Artwork, Exclusive Content, Process

Finding salvation in shadows

When Aliette de Bodard asked me if I would like to do character portraits of her characters from her novel The House of Binding Thorns, I leapt at the chance. Quite literally: I was lounging on the couch when I read her message, and I jumped up across the arm of it and ended up on the floor, rolling around from too much glee. It’s difficult for me to articulate all my feelings about Binding Thorns; it is one of those books that I found quite practically transformative; I rank it together with other books that have meant immensely, immensely much to me — together with Rizal’s El Filibusterismo and Hugo’s The Hunchback of Notre Dame and Rilke’s work. One day I will find words to describe how much I love it; for now, I will just say I love it so, so much, omg.

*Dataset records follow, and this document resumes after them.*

text \<open>Only the reality of the quadratic form is used: testing it on \<open>e\<^sub>i\<close>, \<open>e\<^sub>i + e\<^sub>j\<close>
  and \<open>e\<^sub>i + \<i> e\<^sub>j\<close> recovers \<open>A\<^sub>j\<^sub>i = cnj A\<^sub>i\<^sub>j\<close>.\<close>
lemma psd_hermitian:
  fixes A :: "complex^'m::finite^'m"
  assumes "psd A" shows "hermitian A"
proof (rule hermitianI)
  fix i j
  have real: "Im (\<Sum>i\<in>UNIV. \<Sum>j\<in>UNIV. cnj (v $ i) * A $ i $ j * v $ j) = 0" for v :: "complex^'m"
    using assms unfolding psd_def cnonneg_def by (simp add: complex_is_Real_iff)
  have diag: "Im (A $ a $ a) = 0" for a
    using real[of "\<chi> i. if i = a then 1 else 0"] unfolding quadratic_form_indicator .
  show "A $ j $ i = cnj (A $ i $ j)"
  proof (cases "i = j")
    case True
    then show ?thesis using diag[of i] by (simp add: complex_eq_iff)
  next
    case False
    have "Im (A $ i $ j + A $ j $ i) = 0"
      using real[of "\<chi> k. (if k = i then 1 else 0) + (if k = j then 1 else 0)"]
        quadratic_form_two_entries[OF False, where A=A and x=1 and y=1] diag[of i] diag[of j]
      by (simp only:) simp
    moreover have "Re (A $ i $ j - A $ j $ i) = 0"
      using real[of "\<chi> k. (if k = i then 1 else 0) + (if k = j then \<i> else 0)"]
        quadratic_form_two_entries[OF False, where A=A and x=1 and y="\<i>"] diag[of i] diag[of j]
      by (simp only:) simp
    ultimately show ?thesis by (simp add: complex_eq_iff)
  qed
qed

definition tensor_id :: "complex^'n^'n \<Rightarrow> 'n bimat" where
  "tensor_id B = (\<chi> p q. if snd p = snd q then B $ fst p $ fst q else 0)"

lemma trace_id_tensor_mult: "trace (id_tensor A ** X) = trace (A ** ptr1 X)"
  by (simp add: trace_def matrix_matrix_mult_def ptr1_def id_tensor_def sum_UNIV_pair
      sum_distrib_left if_zero_mult sum_if_zero cong: if_cong)
     (subst sum_rotate3, simp)

lemma trace_tensor_id_mult: "trace (tensor_id B ** X) = trace (B ** ptr2 X)"
  by (simp add: trace_def matrix_matrix_mult_def ptr2_def tensor_id_def sum_UNIV_pair
      sum_distrib_left if_zero_mult sum_if_zero cong: if_cong)
     (rule sum.cong, simp, rule sum.swap)

lemma ptr1_add: "ptr1 (A + B) = ptr1 A + ptr1 B"
  by (simp add: ptr1_def vec_eq_iff sum.distrib)

lemma ptr1_diff: "ptr1 (A - B) = ptr1 A - ptr1 B"
  by (simp add: ptr1_def vec_eq_iff sum_subtractf)

lemma ptr1_scaleR: "ptr1 (c *\<^sub>R A) = c *\<^sub>R ptr1 A"
  by (simp add: ptr1_def vec_eq_iff scaleR_sum_right)

lemma ptr2_add: "ptr2 (A + B) = ptr2 A + ptr2 B"
  by (simp add: ptr2_def vec_eq_iff sum.distrib)

lemma ptr2_diff: "ptr2 (A - B) = ptr2 A - ptr2 B"
  by (simp add: ptr2_def vec_eq_iff sum_subtractf)

lemma ptr2_scaleR: "ptr2 (c *\<^sub>R A) = c *\<^sub>R ptr2 A"
  by (simp add: ptr2_def vec_eq_iff scaleR_sum_right)

lemma ptr1_id_tensor: "ptr1 (id_tensor A :: 'n::finite bimat) = real CARD('n) *\<^sub>R A"
  by (simp add: ptr1_def id_tensor_def vec_eq_iff scaleR_complex)

lemma ptr2_id_tensor: "ptr2 (id_tensor A :: 'n::finite bimat) = mat (trace A)"
  by (simp add: ptr2_def id_tensor_def vec_eq_iff mat_def trace_def)

lemma ptr1_tensor_id: "ptr1 (tensor_id B :: 'n::finite bimat) = mat (trace B)"
  by (simp add: ptr1_def tensor_id_def vec_eq_iff mat_def trace_def)

lemma ptr2_tensor_id: "ptr2 (tensor_id B :: 'n::finite bimat) = real CARD('n) *\<^sub>R B"
  by (simp add: ptr2_def tensor_id_def vec_eq_iff scaleR_complex)

lemma ptr1_mat_1: "ptr1 (mat 1 :: 'n::finite bimat) = mat (of_nat CARD('n))"
  by (simp add: ptr1_def vec_eq_iff mat_def)

lemma ptr2_mat_1: "ptr2 (mat 1 :: 'n::finite bimat) = mat (of_nat CARD('n))"
  by (simp add: ptr2_def vec_eq_iff mat_def)

lemma trace_ptr1: "trace (ptr1 A) = trace A"
  by (simp add: ptr1_def trace_def sum_UNIV_pair) (rule sum.swap)

lemma trace_ptr2: "trace (ptr2 A) = trace A"
  by (simp add: ptr2_def trace_def sum_UNIV_pair)

lemma trace_max_mixed: "trace (max_mixed :: complex^'n::finite^'n) = 1"
  by (simp add: max_mixed_def trace_def mat_def)

lemma hermitian_id_tensor: "hermitian A \<Longrightarrow> hermitian (id_tensor A)"
  by (rule hermitianI) (auto simp add: id_tensor_def hermitian_entry[of A, symmetric])

lemma hermitian_tensor_id: "hermitian A \<Longrightarrow> hermitian (tensor_id A)"
  by (rule hermitianI) (auto simp add: tensor_id_def hermitian_entry[of A, symmetric])

lemma hermitian_ptr1: "hermitian A \<Longrightarrow> hermitian (ptr1 A)"
  by (rule hermitianI) (simp add: ptr1_def hermitian_entry[of A, symmetric])

lemma hermitian_ptr2: "hermitian A \<Longrightarrow> hermitian (ptr2 A)"
  by (rule hermitianI) (simp add: ptr2_def hermitian_entry[of A, symmetric])

definition unit_marginals :: "'n::finite bimat set" where
  "unit_marginals = {X. hermitian X \<and> ptr1 X = max_mixed \<and> ptr2 X = max_mixed}"

lemma convex_unit_marginals: "convex unit_marginals"
  unfolding convex_def unit_marginals_def
  by (auto intro!: hermitian_add hermitian_scaleR
      simp: ptr1_add ptr1_scaleR ptr2_add ptr2_scaleR scaleR_left_distrib[symmetric])

lemma trace_unit_marginals: "X \<in> unit_marginals \<Longrightarrow> trace X = 1"
  unfolding unit_marginals_def by (metis (mono_tags) mem_Collect_eq trace_ptr1 trace_max_mixed)

text \<open>The orthogonal projection onto the matrices whose partial traces both vanish.\<close>
definition marginal_free_part :: "'n::finite bimat \<Rightarrow> 'n bimat" where
  "marginal_free_part H = H - (1 / real CARD('n)) *\<^sub>R id_tensor (ptr1 H)
     - (1 / real CARD('n)) *\<^sub>R tensor_id (ptr2 H) + (Re (trace H) / (real CARD('n))\<^sup>2) *\<^sub>R mat 1"

lemma hermitian_marginal_free_part: "hermitian H \<Longrightarrow> hermitian (marginal_free_part H)"
  unfolding marginal_free_part_def
  by (intro hermitian_add hermitian_diff hermitian_scaleR hermitian_id_tensor hermitian_tensor_id
      hermitian_ptr1 hermitian_ptr2 hermitian_mat_1)

lemma ptr1_marginal_free_part:
  assumes "hermitian (H :: 'n::finite bimat)" shows "ptr1 (marginal_free_part H) = 0"
proof -
  have "trace (ptr2 H) = of_real (Re (trace H))"
    using trace_hermitian_eq_Re[OF assms] by (simp add: trace_ptr2)
  moreover have "real CARD('n) > 0" by simp
  ultimately show ?thesis
    by (simp add: marginal_free_part_def ptr1_add ptr1_diff ptr1_scaleR ptr1_id_tensor ptr1_tensor_id
        ptr1_mat_1) (simp add: vec_eq_iff mat_def scaleR_complex field_simps power2_eq_square)
qed

lemma ptr2_marginal_free_part:
  assumes "hermitian (H :: 'n::finite bimat)" shows "ptr2 (marginal_free_part H) = 0"
proof -
  have "trace (ptr1 H) = of_real (Re (trace H))"
    using trace_hermitian_eq_Re[OF assms] by (simp add: trace_ptr1)
  moreover have "real CARD('n) > 0" by simp
  ultimately show ?thesis
    by (simp add: marginal_free_part_def ptr2_add ptr2_diff ptr2_scaleR ptr2_id_tensor ptr2_tensor_id
        ptr2_mat_1) (simp add: vec_eq_iff mat_def scaleR_complex field_simps power2_eq_square)
qed

lemma trace_marginal_free_part_mult:
  fixes H X :: "'n::finite bimat"
  assumes H: "hermitian H" and X: "X \<in> unit_marginals"
  shows "trace (marginal_free_part H ** X)
    = of_real (Re (trace (H ** X)) - Re (trace H) / (real CARD('n))\<^sup>2)"
proof -
  have X1: "ptr1 X = max_mixed" and X2: "ptr2 X = max_mixed" and "hermitian X"
    using X unfolding unit_marginals_def by auto
  have HX: "trace (H ** X) = of_real (Re (trace (H ** X)))"
    using trace_mult_hermitian_real[OF H \<open>hermitian X\<close>] by (metis Reals_cases Re_complex_of_real)
  have "trace (ptr1 H) = of_real (Re (trace H))" "trace (ptr2 H) = of_real (Re (trace H))"
    using trace_hermitian_eq_Re[OF H] by (simp_all add: trace_ptr1 trace_ptr2)
  moreover have "real CARD('n) > 0" by simp
  ultimately show ?thesis
    using trace_unit_marginals[OF X]
    by (simp add: marginal_free_part_def matrix_add_rdistrib matrix_diff_rdistrib
        matrix_scaleR_left trace_add trace_sub trace_scaleR trace_id_tensor_mult trace_tensor_id_mult
        X1 X2 max_mixed_def trace_mult_mat)
      (subst HX, simp add: scaleR_complex field_simps power2_eq_square)
qed

lemma trace_mult_scaled_identity: "trace (H ** (c *\<^sub>R mat 1)) = c *\<^sub>R trace (H :: complex^'m^'m)"
  by (metis trace_mul_sym matrix_scaleR_left matrix_mul_lid trace_scaleR)

lemma witness_of_separation:
  fixes H \<rho> :: "'n::finite bimat" and S :: "'n bimat set"
  assumes H: "hermitian H" and S: "S \<subseteq> unit_marginals" "(1 / (real CARD('n))\<^sup>2) *\<^sub>R mat 1 \<in> S"
    and \<rho>: "\<rho> \<in> unit_marginals" "Re (trace (H ** \<rho>)) < b"
    and above: "\<forall>\<sigma>\<in>S. b < Re (trace (H ** \<sigma>))"
  obtains W where "hermitian W" "ptr1 W = max_mixed" "ptr2 W = max_mixed"
    "\<forall>\<sigma>\<in>S. cnonneg (trace (W ** \<sigma>))" "\<not> cnonneg (trace (W ** \<rho>))"
proof -
  define e where "e = 1 / (real CARD('n))\<^sup>2"
  define c where "c = Re (trace H) / (real CARD('n))\<^sup>2"
  have "b < c"
    using above S(2) by (fastforce simp: e_def c_def trace_mult_scaled_identity)
  define t where "t = 1 / (c - b) * e"
  have "t > 0" "t * (b - c) = - e"
    using \<open>b < c\<close> by (simp_all add: t_def e_def field_simps)
  define W where "W = t *\<^sub>R marginal_free_part H + e *\<^sub>R mat 1"
  have trace_W: "trace (W ** X) = of_real (t * (Re (trace (H ** X)) - c) + e)" if "X \<in> unit_marginals" for X
    using that by (simp add: W_def c_def matrix_add_rdistrib matrix_scaleR_left trace_add trace_scaleR
        trace_marginal_free_part_mult[OF H] trace_mult_scaled_identity trace_unit_marginals scaleR_complex)
  show thesis
  proof
    show "hermitian W"
      unfolding W_def by (intro hermitian_add hermitian_scaleR hermitian_marginal_free_part[OF H] hermitian_mat_1)
    show "ptr1 W = max_mixed" "ptr2 W = max_mixed"
      by (simp_all add: W_def e_def max_mixed_def ptr1_add ptr1_scaleR ptr2_add ptr2_scaleR
          ptr1_marginal_free_part[OF H] ptr2_marginal_free_part[OF H] ptr1_mat_1 ptr2_mat_1)
        (simp_all add: vec_eq_iff mat_def scaleR_complex field_simps power2_eq_square)
    show "\<forall>\<sigma>\<in>S. cnonneg (trace (W ** \<sigma>))"
    proof
      fix \<sigma> assume "\<sigma> \<in> S"
      then have "t * (b - c) \<le> t * (Re (trace (H ** \<sigma>)) - c)"
        using above \<open>t > 0\<close> by (intro mult_left_mono) auto
      then show "cnonneg (trace (W ** \<sigma>))"
        using trace_W \<open>\<sigma> \<in> S\<close> S(1) \<open>t * (b - c) = - e\<close> by (auto simp: cnonneg_def)
    qed
    have "t * (Re (trace (H ** \<rho>)) - c) < t * (b - c)"
      using \<rho>(2) \<open>t > 0\<close> by simp
    then show "\<not> cnonneg (trace (W ** \<rho>))"
      using trace_W[OF \<rho>(1)] \<open>t * (b - c) = - e\<close> by (simp add: cnonneg_def)
  qed
qed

As soon as I started work on the character portraits, I ran into a huge obstacle. Aliette’s work is full of shadows and darkness, the things that creep around at night; of ruin, destruction, decay. I didn’t feel that I measured up to that at all, as an artist; I loved bright colours, but that was pretty much it. How was I meant to portray all this weight — how was I meant to create something that did justice to people who were dark and fiery, bladed and sharp, when my art was nowhere near that level of intensity or grandeur? My work didn’t even try to approach darkness.

But then — of course. I just had to dare. To embrace shadow; to try and show the knife-edge between it and light. To try and to risk and to do things that I wouldn’t have called within “my style” or my purview or whatever. I just had to stretch a little further.

Madeleine, from Aliette de Bodard’s Dominion of the Fallen series. Rough pencils.

This is Madeleine, one of Aliette’s characters, at a very early stage of the process. I was very nervous about this; faces are not my strength, and definitely not faces I don’t draw often (read: anyone other than slim young women or femme-looking people — sorry, I’m trying to do better and learn more!). So I spent a fair bit of time trying to study the faces of older women to figure out what made them look a certain age, what lines or features would convey the kind of expression I wanted to convey; a sort of grim determination.

More or less, the final pencils for Madeleine.

Someone once asked me what the longest part of my art process is. I think they were surprised when I said it was the pencils. It’s not that I take the longest in terms of actual pencil-in-hand time; but it’s finding the lines and where they’re supposed to go, and plucking up the courage to actually say: yes, this is where you should be. Finalizing linework, to me, is very difficult because it is such a huge part of the piece — it’s the bones, the foundations — and I’m always unsure of whether I’m doing the right thing.

It’s funny, I didn’t use to have this trouble back when I went straight to ink. But at that time all I really cared about was getting detail down on paper, giving my hand something to do. Now I care about things like composition (which I am very bad at) and character portrayal (ditto) and expressions and– haha! It’s so hard!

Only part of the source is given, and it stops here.